Above: TMI Project Workshop Leaders Dara Lurie (she/her) and Micah (he/him) teaching a Black Stories Matter workshop to students at Kingston High School.

In your opinion, how can we use initiatives like Black Stories Matter to tackle systemic racism within our systems of power? Aka: How can we take something that’s so emotionally-charged and turn it into policy change?

D: I’m reading the book My Grandmother’s Hands right now. The author Resmaa Menakem is a somatic therapist, and he talks about the trauma that was “blown into the African bodies by the white colonizers and slave owners.” But also the trauma that white refugees from Europe brought with them. They brought punitive systems from England where people were taken to the gallows, lynched and flogged. This unmetabolized trauma was held within the European settlers who then blew it into enslaved Africans. Menakem says the solution to systemic racism is within the body. That resonates with me. It needs to be felt in the body – and storytelling is one way we reach that understanding.

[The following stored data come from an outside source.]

(* The following hold: (a) For $f\in\mathcal{C}_b(\mathcal{Z})$, $\lim_{\lambda\to 0}\|R_{\lambda}f-\Pi f\|_{\infty}=0$. (b) For $f\in\mathcal{C}_b(\mathcal{Z})$, $\lim_{\lambda\to 0}\|P_{\lambda}^{L}f-Q\Pi f\|_{\infty}=0$. (c) Any i.p.m. $\mu_{\lambda}$ of $P_{\lambda}$ is also an i.p.m. of $P_{\lambda}^{L}$. (d) Any weak limit point in $\mathfrak{P}(\mathcal{Z})$ of $\mu_{\lambda}$, as $\lambda\to 0$, is an i.p.m. of $Q\Pi$.
   Context: Consider a finite strategic-form game with agents $\mathcal{I}=\{1,\dots,n\}$, finite action sets $\mathcal{A}_i$, $\mathcal{A}=\mathcal{A}_1\times\cdots\times\mathcal{A}_n$, and utilities $u_i:\mathcal{A}\to\mathbb{R}$ with $u_i(\alpha)>0$ for all $i,\alpha$ (positive-utility property). Under perturbed learning automata, at each time $t$ each agent $i$ with strategy $x_i(t)\in\Delta(|\mathcal{A}_i|)$ selects $\alpha_i(t+1)$ according to $x_i(t)$ with probability $1-\lambda$ and uniformly at random from $\mathcal{A}_i$ with probability $\lambda>0$ (it "trembles"), receives $u_i(\alpha(t+1))$, and updates $x_i(t+1)=x_i(t)+\epsilon\,u_i(\alpha(t+1))\,[e_{\alpha_i(t+1)}-x_i(t)]$ with constant step size $\epsilon>0$ small enough that $0<\epsilon u_i(\alpha)<1$ for all $i,\alpha$. The state space is $\mathcal{Z}=\mathcal{A}\times\mathcal{X}$, $\mathcal{X}=\prod_i\Delta(|\mathcal{A}_i|)$; $P_\lambda$ is the transition probability function (t.p.f.) of this Markov chain and $P$ the t.p.f. of the unperturbed process ($\lambda=0$). $\mathcal{C}_b(\mathcal{Z})$ is the space of bounded continuous real functions on $\mathcal{Z}$ with sup-norm, $\mathfrak{P}(\mathcal{Z})$ the probability measures on $\mathcal{Z}$ with the weak topology, and an i.p.m. is an invariant probability measure. $\Pi$ is a t.p.f. on $\mathcal{Z}$ such that $\lim_{t\to\infty}\|P^tf-\Pi f\|_\infty=0$ for all $f\in\mathcal{C}_b(\mathcal{Z})$, whose support is contained in the set of pure strategy states (states $(\alpha,x)$ with $x_i=e_{\alpha_i}$ for all $i$). Write $P_\lambda=(1-\varphi(\lambda))P+\varphi(\lambda)Q_\lambda$, where $\varphi(\lambda)=1-(1-\lambda)^n$ is the probability that at least one agent trembles and $Q_\lambda$ is the t.p.f. when at least one agent trembles; further $Q_\lambda=(1-\psi(\lambda))Q+\psi(\lambda)Q^*$, where $Q$ is the t.p.f. when exactly one agent trembles, $Q^*$ the t.p.f. when at least two tremble, and $\psi(\lambda)=1-\frac{n\lambda(1-\lambda)^{n-1}}{1-(1-\lambda)^n}\to 0$ as $\lambda\downarrow 0$. Define the resolvent $R_\lambda=\varphi(\lambda)\sum_{t=0}^\infty(1-\varphi(\lambda))^tP^t$ and the lifted t.p.f. $P^L_\lambda=Q_\lambda R_\lambda$. *)

theory Defs
  imports "HOL-Probability.Probability"
begin

text \<open>Agents are 0,...,n-1; agent i has actions 0,...,m i - 1.
  A state is a pair (alpha, x) of an action profile and a strategy profile.
  Functions are extensional (value undefined outside the agent range).
  The state type carries the product topology (Function_Topology), which on the
  state set coincides with the usual topology of A times X (A discrete, X Euclidean).\<close>

type_synonym state = "(nat \<Rightarrow> nat) \<times> (nat \<Rightarrow> nat \<Rightarrow> real)"

definition profiles :: "nat \<Rightarrow> (nat \<Rightarrow> nat) \<Rightarrow> (nat \<Rightarrow> nat) set" where
  "profiles n m = PiE {..<n} (\<lambda>i. {..<m i})"

definition strat_simplex :: "nat \<Rightarrow> (nat \<Rightarrow> real) set" where
  "strat_simplex k = {v. (\<forall>j<k. 0 \<le> v j) \<and> (\<forall>j\<ge>k. v j = 0) \<and> sum v {..<k} = 1}"

definition strategies :: "nat \<Rightarrow> (nat \<Rightarrow> nat) \<Rightarrow> (nat \<Rightarrow> nat \<Rightarrow> real) set" where
  "strategies n m = PiE {..<n} (\<lambda>i. strat_simplex (m i))"

definition states :: "nat \<Rightarrow> (nat \<Rightarrow> nat) \<Rightarrow> state set" where
  "states n m = profiles n m \<times> strategies n m"

definition unitvec :: "nat \<Rightarrow> nat \<Rightarrow> real" where
  "unitvec j = (\<lambda>k. if k = j then 1 else 0)"

definition pure_states :: "nat \<Rightarrow> (nat \<Rightarrow> nat) \<Rightarrow> state set" where
  "pure_states n m = {z \<in> states n m. \<forall>i<n. snd z i = unitvec (fst z i)}"

definition update :: "nat \<Rightarrow> (nat \<Rightarrow> (nat \<Rightarrow> nat) \<Rightarrow> real) \<Rightarrow> real
    \<Rightarrow> (nat \<Rightarrow> nat \<Rightarrow> real) \<Rightarrow> (nat \<Rightarrow> nat) \<Rightarrow> (nat \<Rightarrow> nat \<Rightarrow> real)" where
  "update n u eps x a =
     restrict (\<lambda>i k. x i k + eps * u i a * (unitvec (a i) k - x i k)) {..<n}"
(* Let $N$ be a positive integer, $x\in\mathbb{T}$ irrational, and $D=\{x,2x,\dots,Nx\}$. Then $\mathrm{Md}_{\mathbb{T}}(D)\le 1/(N+1)$, and there is no Borel set $A\subset\mathbb{T}$ with $(A-A)\cap D=\emptyset$ and $\mu(A)=1/(N+1)$.
   Context: $\mathbb{T}=\mathbb{R}/\mathbb{Z}$ with Haar probability measure $\mu$; "$x$ irrational" means $x\notin\mathbb{Q}/\mathbb{Z}$. $\mathrm{Md}_{\mathbb{T}}(D)=\sup\{\mu(A): A\subset\mathbb{T}\text{ Borel},\ (A-A)\cap D=\emptyset\}$. *)

theory Defs
  imports "HOL-Analysis.Analysis"
begin

text \<open>The circle group T = R/Z is modelled by its fundamental domain [0,1):
  a point of T is represented by its unique representative in [0,1), the
  quotient map is frac, subtraction in T is frac (a - b), and the Haar
  probability measure is Lebesgue measure restricted to [0,1).\<close>

definition circ_diff_set :: "real set \<Rightarrow> real set" where
  "circ_diff_set A = {frac (a - b) | a b. a \<in> A \<and> b \<in> A}"

definition circ_avoiding :: "real set \<Rightarrow> real set \<Rightarrow> bool" where
  "circ_avoiding D A \<longleftrightarrow> A \<in> sets borel \<and> A \<subseteq> {0..<1} \<and> circ_diff_set A \<inter> D = {}"

definition Md_T :: "real set \<Rightarrow> real" where
  "Md_T D = Sup {measure lborel A | A. circ_avoiding D A}"

end

theory Submission
  imports Defs
begin

text \<open>If A avoids D, the translates A, A + x, ..., A + Nx are pairwise disjoint: a common
  point of A + ix and A + jx with i < j would put (j - i)x into A - A. Hence (N + 1) \<mu>(A) \<le> 1.
  If equality held, these translates would cover T up to a null set, and A + (N + 1)x, being
  disjoint from A + x, ..., A + Nx, would coincide with A up to a null set. As (N + 1)x is
  irrational and irrational rotations are ergodic, \<mu>(A) \<in> {0, 1}, contradicting
  \<mu>(A) = 1/(N + 1).

  Ergodicity: the measure d(c) of the symmetric difference of A and A + c is subadditive,
  small for small c by regularity of Lebesgue measure, and zero at every multiple of the
  irrational \<alpha>; by density of the multiples of \<alpha> modulo 1 it vanishes everywhere. So \<mu>(A \<inter> (A + c)) = \<mu>(A) for all c,
  and integrating over c with Fubini gives \<mu>(A)^2 = \<mu>(A).\<close>

lemma borel_measurable_frac [measurable]: "(frac :: real \<Rightarrow> real) \<in> borel_measurable borel"
  unfolding frac_def by measurable

lemma frac_frac_diff_left: "frac (frac p - q) = frac (p - q)"
  by (metis diff_conv_add_uminus frac_add_simps(1))

lemma frac_diff_unit_interval:
  fixes x y :: real
  assumes "x \<in> {0..<1}" "y \<in> {0..<1}"
  shows "frac (y - x) = (if x \<le> y then y - x else y - (x - 1))"
  using assms frac_diff_pos[of x y] frac_diff_neg[of y x] by auto

lemma emeasure_subset_unit_interval_finite:
  "X \<subseteq> {0..<1::real} \<Longrightarrow> emeasure lborel X \<noteq> top"
  using emeasure_mono[of X "{0..<1::real}" lborel] by (auto simp: top_unique)

lemma fmeasurable_subset_unit_interval:
  "X \<in> sets borel \<Longrightarrow> X \<subseteq> {0..<1::real} \<Longrightarrow> X \<in> fmeasurable lborel"
  using emeasure_subset_unit_interval_finite by (auto simp: fmeasurable_def less_top)

lemma measure_subset_unit_interval_le_1:
  "X \<in> sets borel \<Longrightarrow> X \<subseteq> {0..<1::real} \<Longrightarrow> measure lborel X \<le> 1"
  using measure_mono_fmeasurable[of X "{0..<1::real}" lborel] by (auto simp: fmeasurable_def)

lemma measure_sym_diff_eq_0:
  fixes X Y :: "real set"
  assumes X: "X \<in> sets borel" "X \<subseteq> {0..<1}" and Y: "Y \<in> sets borel" "Y \<subseteq> {0..<1}"
    and eq: "measure lborel X = measure lborel Y" and null: "measure lborel (Y - X) = 0"
  shows "measure lborel (sym_diff X Y) = 0"
proof -
  have split: "measure lborel S = measure lborel (S \<inter> T) + measure lborel (S - T)"
    if "S \<in> sets borel" "T \<in> sets borel" "S \<subseteq> {0..<1}" for S T :: "real set"
  proof -
    have "measure lborel ((S \<inter> T) \<union> (S - T)) = measure lborel (S \<inter> T) + measure lborel (S - T)"
      using that emeasure_subset_unit_interval_finite[of "S \<inter> T"] emeasure_subset_unit_interval_finite[of "S - T"]
      by (intro measure_Union) auto
    moreover have "(S \<inter> T) \<union> (S - T) = S"
      by auto
    ultimately show ?thesis
      by simp
  qed
  have "measure lborel (X - Y) = 0"
    using split[OF X(1) Y(1) X(2)] split[OF Y(1) X(1) Y(2)] eq null by (simp add: Int_commute)
  then have "measure lborel (sym_diff X Y) \<le> 0"
    using measure_Un_le[of "X - Y" lborel "Y - X"] X Y null by auto
  then show ?thesis
    by (simp add: measure_le_0_iff)
qed

lemma emeasure_lborel_translate:
  "S \<in> sets borel \<Longrightarrow> emeasure lborel {y. y - c \<in> S} = emeasure lborel (S :: real set)"
  by (subst (2) lborel_distr_plus[symmetric, of "- c"]) (simp add: emeasure_distr vimage_def)

definition circ_translate :: "real \<Rightarrow> real set \<Rightarrow> real set" where
  "circ_translate c A = {y \<in> {0..<1}. frac (y - c) \<in> A}"

lemma sets_circ_translate [measurable]:
  assumes "A \<in> sets borel"
  shows "circ_translate c A \<in> sets borel"
proof -
  have "{y. frac (y - c) \<in> A} \<in> sets borel"
    using assms by measurable
  then show ?thesis
    unfolding circ_translate_def by (simp add: Collect_conj_eq)
qed

lemma circ_translate_subset: "circ_translate c A \<subseteq> {0..<1}"
  by (auto simp: circ_translate_def)

lemma circ_translate_0: "A \<subseteq> {0..<1} \<Longrightarrow> circ_translate 0 A = A"
  by (auto simp: circ_translate_def)

lemma circ_translate_circ_translate:
  "circ_translate c (circ_translate c' A) = circ_translate (c + c') A"
  by (auto simp: circ_translate_def frac_frac_diff_left frac_lt_1 diff_diff_eq)

lemma circ_translate_add_of_int: "circ_translate (c + of_int k) A = circ_translate c A"
proof -
  have "y - (c + of_int k) = (y - c) + of_int (- k)" for y
    by simp
  then show ?thesis
    unfolding circ_translate_def by (metis frac_add_of_int_right)
qed

lemma circ_translate_Diff: "circ_translate c (X - Y) = circ_translate c X - circ_translate c Y"
  by (auto simp: circ_translate_def)

lemma circ_translate_Un: "circ_translate c (X \<union> Y) = circ_translate c X \<union> circ_translate c Y"
  by (auto simp: circ_translate_def)
lemma inner_Q_square_le:
  fixes Q :: "'x::finite \<Rightarrow> 'x \<Rightarrow> real"
  assumes w: "\<And>x y. 0 \<le> Q x y * \<pi> x"
  shows "(inner_Q Q \<pi> \<Phi> \<Psi>)\<^sup>2 \<le> inner_Q Q \<pi> \<Phi> \<Phi> * inner_Q Q \<pi> \<Psi> \<Psi>"
proof -
  define v where "v \<Phi>' p = \<Phi>' (fst p) (snd p) * sqrt (Q (fst p) (snd p) * \<pi> (fst p))"
    for \<Phi>' :: "'x \<Rightarrow> 'x \<Rightarrow> real" and p
  have eq: "inner_Q Q \<pi> \<Phi>' \<Psi>' = (\<Sum>p\<in>UNIV. v \<Phi>' p * v \<Psi>' p) / 2" for \<Phi>' \<Psi>'
  proof -
    have "v \<Phi>' (x, y) * v \<Psi>' (x, y) = \<Phi>' x y * \<Psi>' x y * (sqrt (Q x y * \<pi> x) * sqrt (Q x y * \<pi> x))" for x y
      by (simp add: v_def mult_ac)
    also have "\<dots> x y = \<Phi>' x y * \<Psi>' x y * Q x y * \<pi> x" for x y
      using w[of x y] by (simp add: mult.assoc)
    finally have "(\<Sum>x\<in>UNIV. \<Sum>y\<in>UNIV. v \<Phi>' (x, y) * v \<Psi>' (x, y))
        = (\<Sum>x\<in>UNIV. \<Sum>y\<in>UNIV. \<Phi>' x y * \<Psi>' x y * Q x y * \<pi> x)"
      by simp
    moreover have "(\<Sum>p\<in>UNIV. v \<Phi>' p * v \<Psi>' p) = (\<Sum>x\<in>UNIV. \<Sum>y\<in>UNIV. v \<Phi>' (x, y) * v \<Psi>' (x, y))"
      by (simp add: sum.cartesian_product)
    ultimately show ?thesis
      unfolding inner_Q_def by simp
  qed
  have "(\<Sum>p\<in>UNIV. v \<Phi> p * v \<Psi> p)\<^sup>2 \<le> (\<Sum>p\<in>UNIV. v \<Phi> p * v \<Phi> p) * (\<Sum>p\<in>UNIV. v \<Psi> p * v \<Psi> p)"
    using Cauchy_Schwarz_ineq_sum[of "v \<Phi>" "v \<Psi>" UNIV] by (simp add: power2_eq_square)
  then show ?thesis
    unfolding eq by (simp add: power_divide)
qed

definition density_bound :: "('x::finite \<Rightarrow> real) \<Rightarrow> real" where
  "density_bound \<pi> = (\<Sum>x\<in>UNIV. 1 / \<pi> x)"

definition rate_mass :: "('x::finite \<Rightarrow> 'x \<Rightarrow> real) \<Rightarrow> ('x \<Rightarrow> real) \<Rightarrow> real" where
  "rate_mass Q \<pi> = (\<Sum>x\<in>UNIV. \<Sum>y\<in>UNIV. Q x y * \<pi> x)"

lemma inner_Q_grad_indicator_le:
  fixes Q :: "'x::finite \<Rightarrow> 'x \<Rightarrow> real"
  assumes w: "\<And>x y. 0 \<le> Q x y * \<pi> x"
  shows "inner_Q Q \<pi> (grad_X (indicator {z})) (grad_X (indicator {z})) \<le> rate_mass Q \<pi> / 2"
proof -
  have "grad_X (indicator {z}) x y * grad_X (indicator {z}) x y * Q x y * \<pi> x \<le> Q x y * \<pi> x" for x y
    using w[of x y] by (auto simp: grad_X_def indicator_def mult.assoc)
  then show ?thesis
    unfolding inner_Q_def rate_mass_def by (simp add: sum_mono)
qed

section \<open>Paths of finite action\<close>

lemma averaging_function_le:
  assumes af: "averaging_function \<theta>" and "0 \<le> s" "s \<le> R" "0 \<le> t" "t \<le> R"
  shows "\<theta> s t \<le> R"
proof -
  have "\<theta> s t \<le> \<theta> R t" using af assms unfolding averaging_function_def by blast
  also have "\<dots> \<le> \<theta> R R" using af assms unfolding averaging_function_def by (meson order_trans)
  also have "\<dots> = R" using af assms unfolding averaging_function_def by (meson order_trans)
  finally show ?thesis .
qed

lemma square_le_mult_alpha:
  assumes af: "averaging_function \<theta>" and R: "0 < R" and st: "0 \<le> s" "s \<le> R" "0 \<le> t" "t \<le> R"
  shows "ennreal (v\<^sup>2) \<le> ennreal R * alpha \<theta> s t v"
proof (cases "\<theta> s t > 0")
  case True
  have "v\<^sup>2 = \<theta> s t * (v\<^sup>2 / \<theta> s t)" using True by simp
  also have "\<dots> \<le> R * (v\<^sup>2 / \<theta> s t)"
    using True averaging_function_le[OF af st] by (intro mult_right_mono) auto
  finally show ?thesis
    using True R st by (simp add: alpha_def ennreal_mult'[symmetric] ennreal_leI)
next
  case False
  then show ?thesis
    using R st by (auto simp: alpha_def ennreal_mult_top)
qed

definition momentum_bound :: "('x::finite \<Rightarrow> real) \<Rightarrow> real \<Rightarrow> real" where
  "momentum_bound \<pi> Ebar = density_bound \<pi> * max Ebar 0"

definition deriv_bound :: "('x::finite \<Rightarrow> 'x \<Rightarrow> real) \<Rightarrow> ('x \<Rightarrow> real) \<Rightarrow> real \<Rightarrow> real" where
  "deriv_bound Q \<pi> Ebar =
     real CARD('x) * density_bound \<pi> * rate_mass Q \<pi> / 2 * momentum_bound \<pi> Ebar"

definition path_bound :: "('x::finite \<Rightarrow> 'x \<Rightarrow> real) \<Rightarrow> ('x \<Rightarrow> real) \<Rightarrow> real \<Rightarrow> real" where
  "path_bound Q \<pi> Ebar = momentum_bound \<pi> Ebar + deriv_bound Q \<pi> Ebar + (density_bound \<pi>)\<^sup>2
     + density_bound \<pi> + sqrt (density_bound \<pi> * deriv_bound Q \<pi> Ebar)"

locale markov_chain =
  fixes Q :: "'x::finite \<Rightarrow> 'x \<Rightarrow> real" and \<pi> :: "'x \<Rightarrow> real"
  assumes setting: "markov_setting Q \<pi>"
begin

lemma pi_pos: "0 < \<pi> x"
  using setting by (simp add: markov_setting_def)

lemma rate_nonneg: "0 \<le> Q x y"
  using setting by (simp add: markov_setting_def)

lemma reversible: "\<pi> x * Q x y = \<pi> y * Q y x"
  using setting by (simp add: markov_setting_def)

lemma sum_pi: "(\<Sum>x\<in>UNIV. \<pi> x) = 1"
  using setting by (simp add: markov_setting_def)

lemma weight_nonneg: "0 \<le> Q x y * \<pi> x"
  using rate_nonneg pi_pos by (simp add: less_imp_le)

lemma inv_pi_le_density_bound: "1 / \<pi> z \<le> density_bound \<pi>"
  unfolding density_bound_def
  by (rule member_le_sum) (use pi_pos in \<open>auto intro: less_imp_le\<close>)

lemma density_bound_pos: "0 < density_bound \<pi>"
proof -
  have "0 < 1 / \<pi> undefined" using pi_pos by simp
  then show ?thesis using inv_pi_le_density_bound[of undefined] by linarith
qed

lemma rate_mass_nonneg: "0 \<le> rate_mass Q \<pi>"
  unfolding rate_mass_def by (intro sum_nonneg weight_nonneg)

lemma inner_Q_self_nonneg: "0 \<le> inner_Q Q \<pi> M M"
  by (rule inner_Q_nonneg) (rule weight_nonneg)

lemma momentum_bound_nonneg: "0 \<le> momentum_bound \<pi> Ebar"
  using density_bound_pos by (simp add: momentum_bound_def)

lemma deriv_bound_nonneg: "0 \<le> deriv_bound Q \<pi> Ebar"
  using density_bound_pos rate_mass_nonneg momentum_bound_nonneg by (simp add: deriv_bound_def)

lemma path_bound_ge:
  "momentum_bound \<pi> Ebar \<le> path_bound Q \<pi> Ebar"
  "(density_bound \<pi>)\<^sup>2 + deriv_bound Q \<pi> Ebar \<le> path_bound Q \<pi> Ebar"
  "density_bound \<pi> \<le> path_bound Q \<pi> Ebar"
  "sqrt (density_bound \<pi> * deriv_bound Q \<pi> Ebar) \<le> path_bound Q \<pi> Ebar"
  using momentum_bound_nonneg[of Ebar] deriv_bound_nonneg[of Ebar] density_bound_pos
  by (simp_all add: path_bound_def)

end

locale finite_action_path = markov_chain Q \<pi>
  for Q :: "'x::finite \<Rightarrow> 'x \<Rightarrow> real" and \<pi> +
  fixes \<theta> :: "real \<Rightarrow> real \<Rightarrow> real" and Ebar :: real
    and \<rho>A \<rho>B :: "'x \<Rightarrow> real" and \<rho> :: "real \<Rightarrow> 'x \<Rightarrow> real" and m :: "real \<Rightarrow> 'x \<Rightarrow> 'x \<Rightarrow> real"
  assumes averaging: "averaging_function \<theta>"
    and initial: "\<rho>A \<in> prob_densities \<pi>"
    and continuity_equation: "(\<rho>, m) \<in> CE Q \<pi> \<rho>A \<rho>B"
    and action_le: "action \<theta> Q \<pi> \<rho> m \<le> ennreal Ebar"
begin

text \<open>By the continuity equation, \<open>flux z\<close> is the weak time derivative of \<open>\<pi> z * \<rho> t z\<close>.\<close>

definition flux :: "'x \<Rightarrow> real \<Rightarrow> real" where
  "flux z t = inner_Q Q \<pi> (grad_X (indicator {z})) (m t)"

lemma weak_form_scalar:
  assumes deriv: "\<And>t. t \<in> {0..1} \<Longrightarrow> (\<psi> has_real_derivative \<psi>' t) (at t within {0..1})"
    and cont: "continuous_on {0..1} \<psi>'"
  shows "set_integrable lborel {0..1} (\<lambda>t. \<psi>' t * \<rho> t z * \<pi> z + \<psi> t * flux z t)"
    and "(LINT t:{0..1}|lborel. \<psi>' t * \<rho> t z * \<pi> z + \<psi> t * flux z t)
           = \<psi> 1 * \<rho>B z * \<pi> z - \<psi> 0 * \<rho>A z * \<pi> z"
proof -
  define \<phi> where "\<phi> = (\<lambda>t x. indicator {z} x * \<psi> t)"
  define \<phi>' where "\<phi>' = (\<lambda>t x. indicator {z} x * \<psi>' t)"
  have "C1_test \<phi> \<phi>'"
    unfolding C1_test_def \<phi>_def \<phi>'_def by (auto intro!: DERIV_cmult deriv continuous_intros cont)
  then have weak: "set_integrable lborel {0..1}
        (\<lambda>t. inner_pi \<pi> (\<phi>' t) (\<rho> t) + inner_Q Q \<pi> (grad_X (\<phi> t)) (m t))
      \<and> (LINT t:{0..1}|lborel. inner_pi \<pi> (\<phi>' t) (\<rho> t) + inner_Q Q \<pi> (grad_X (\<phi> t)) (m t))
          = inner_pi \<pi> (\<phi> 1) \<rho>B - inner_pi \<pi> (\<phi> 0) \<rho>A"
    using continuity_equation unfolding CE_def by auto
  have "inner_pi \<pi> (\<phi>' t) (\<rho> t) + inner_Q Q \<pi> (grad_X (\<phi> t)) (m t)
      = \<psi>' t * \<rho> t z * \<pi> z + \<psi> t * flux z t" for t
    unfolding \<phi>_def \<phi>'_def flux_def
    by (simp add: inner_pi_indicator_scaled inner_Q_grad_scaled)
  with weak show "set_integrable lborel {0..1} (\<lambda>t. \<psi>' t * \<rho> t z * \<pi> z + \<psi> t * flux z t)"
    and "(LINT t:{0..1}|lborel. \<psi>' t * \<rho> t z * \<pi> z + \<psi> t * flux z t)
           = \<psi> 1 * \<rho>B z * \<pi> z - \<psi> 0 * \<rho>A z * \<pi> z"
    by (simp_all add: \<phi>_def inner_pi_indicator_scaled)
qed

lemma flux_integrable: "set_integrable lborel {0..1} (flux z)"
  using weak_form_scalar(1)[of "\<lambda>_. 1" "\<lambda>_. 0" z] by simp

lemma rho_integrable: "set_integrable lborel {0..1} (\<lambda>t. \<rho> t z)"
proof -
  have "set_integrable lborel {0..1} (\<lambda>t. t * flux z t)"
    unfolding set_integrable_def
  proof (rule Bochner_Integration.integrable_bound)
    show "integrable lborel (\<lambda>t. indicator {0..1} t *\<^sub>R flux z t)"
      using flux_integrable[of z] by (simp add: set_integrable_def)
    then show "(\<lambda>t. indicator {0..1} t *\<^sub>R (t * flux z t)) \<in> borel_measurable lborel"
      by (simp add: mult.left_commute[of "indicator _ _"])
    show "AE t in lborel. norm (indicator {0..1} t *\<^sub>R (t * flux z t)) \<le> norm (indicator {0..1} t *\<^sub>R flux z t)"
      by (rule AE_I2) (auto simp: indicator_def abs_mult intro: mult_left_le_one_le)
  qed
  moreover have "set_integrable lborel {0..1} (\<lambda>t. 1 * \<rho> t z * \<pi> z + t * flux z t)"
    using weak_form_scalar(1)[of "\<lambda>t. t" "\<lambda>_. 1" z] by simp
  ultimately have "set_integrable lborel {0..1} (\<lambda>t. ((1 * \<rho> t z * \<pi> z + t * flux z t) - t * flux z t) / \<pi> z)"
    by (intro set_integrable_divide set_integral_diff)
  then show ?thesis
    using pi_pos[of z] by simp
qed

definition rho_deriv :: "real \<Rightarrow> 'x \<Rightarrow> real" where
  "rho_deriv t z = indicator {0..1} t * flux z t / \<pi> z"

definition rho_ac :: "real \<Rightarrow> 'x \<Rightarrow> real" where
  "rho_ac t z = \<rho>A z + (LINT s:{0..t}|lborel. rho_deriv s z)"

lemma rho_deriv_integrable: "integrable lborel (\<lambda>t. rho_deriv t z)"
  using flux_integrable[of z] unfolding rho_deriv_def set_integrable_def by simp

lemma rho_deriv_set_integrable: "A \<in> sets lborel \<Longrightarrow> set_integrable lborel A (\<lambda>t. rho_deriv t z)"
  unfolding set_integrable_def using rho_deriv_integrable[of z] by (intro integrable_mult_indicator)

lemma rho_ac_eq_integral: "rho_ac t z = \<rho>A z + integral {0..t} (\<lambda>s. rho_deriv s z)"
  unfolding rho_ac_def by (simp add: set_borel_integral_eq_integral(2) rho_deriv_set_integrable)

lemma continuous_on_rho_ac: "continuous_on {0..1} (\<lambda>t. rho_ac t z)"
proof -
  have "(\<lambda>s. rho_deriv s z) integrable_on {0..1}"
    by (simp add: set_borel_integral_eq_integral(1) rho_deriv_set_integrable)
  then show ?thesis
    unfolding rho_ac_eq_integral by (intro continuous_intros indefinite_integral_continuous_1)
qed

lemma rho_ac_0: "rho_ac 0 z = \<rho>A z"
  by (simp add: rho_ac_eq_integral)

lemma rho_ac_diff:
  assumes "0 \<le> s" "s \<le> t"
  shows "rho_ac t z - rho_ac s z = (LINT x:{s..t}|lborel. rho_deriv x z)"
proof -
  have "(\<lambda>x. rho_deriv x z) integrable_on {0..t}"
    by (simp add: set_borel_integral_eq_integral(1) rho_deriv_set_integrable)
  from Henstock_Kurzweil_Integration.integral_combine[OF assms this]
  have "integral {0..t} (\<lambda>x. rho_deriv x z) - integral {0..s} (\<lambda>x. rho_deriv x z)
      = integral {s..t} (\<lambda>x. rho_deriv x z)"
    by simp
  then show ?thesis
    by (simp add: rho_ac_eq_integral set_borel_integral_eq_integral(2) rho_deriv_set_integrable)
qed

lemma set_integral_flux:
  assumes "s \<in> {0..1}"
  shows "(LINT t:{0..s}|lborel. flux z t) = \<pi> z * (rho_ac s z - \<rho>A z)"
proof -
  have "(LINT t:{0..s}|lborel. rho_deriv t z) = (LINT t:{0..s}|lborel. flux z t / \<pi> z)"
    by (rule set_lebesgue_integral_cong) (use assms in \<open>auto simp: rho_deriv_def\<close>)
  then show ?thesis
    using pi_pos[of z] by (simp add: rho_ac_def)
qed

M: I understand the desire to answer questions like, “What more can we do? What are the next steps?” But the simple power of saying “Black Stories Matter” should not be underestimated. I was talking about it with my son [Gopal Harrington] today because he’s going to read at the Stories from Across Generations show on February 16th, and he said, “My story’s not a black story.” And I said, “You’re black. And you have a story. Therefore, it matters.” That’s what we mean when we say “Black Stories Matter.” We’re saying, “Here’s my black story, here’s how I was impacted by race, here’s what a racist said to me.” It doesn’t matter if your story is about tying your shoes. Your story matters because you’re alive and all black stories matter.

D: The statement “Black Stories Matter” is a statement that nobody’s saying because history has told us that black stories don’t matter. And we’ve all believed it.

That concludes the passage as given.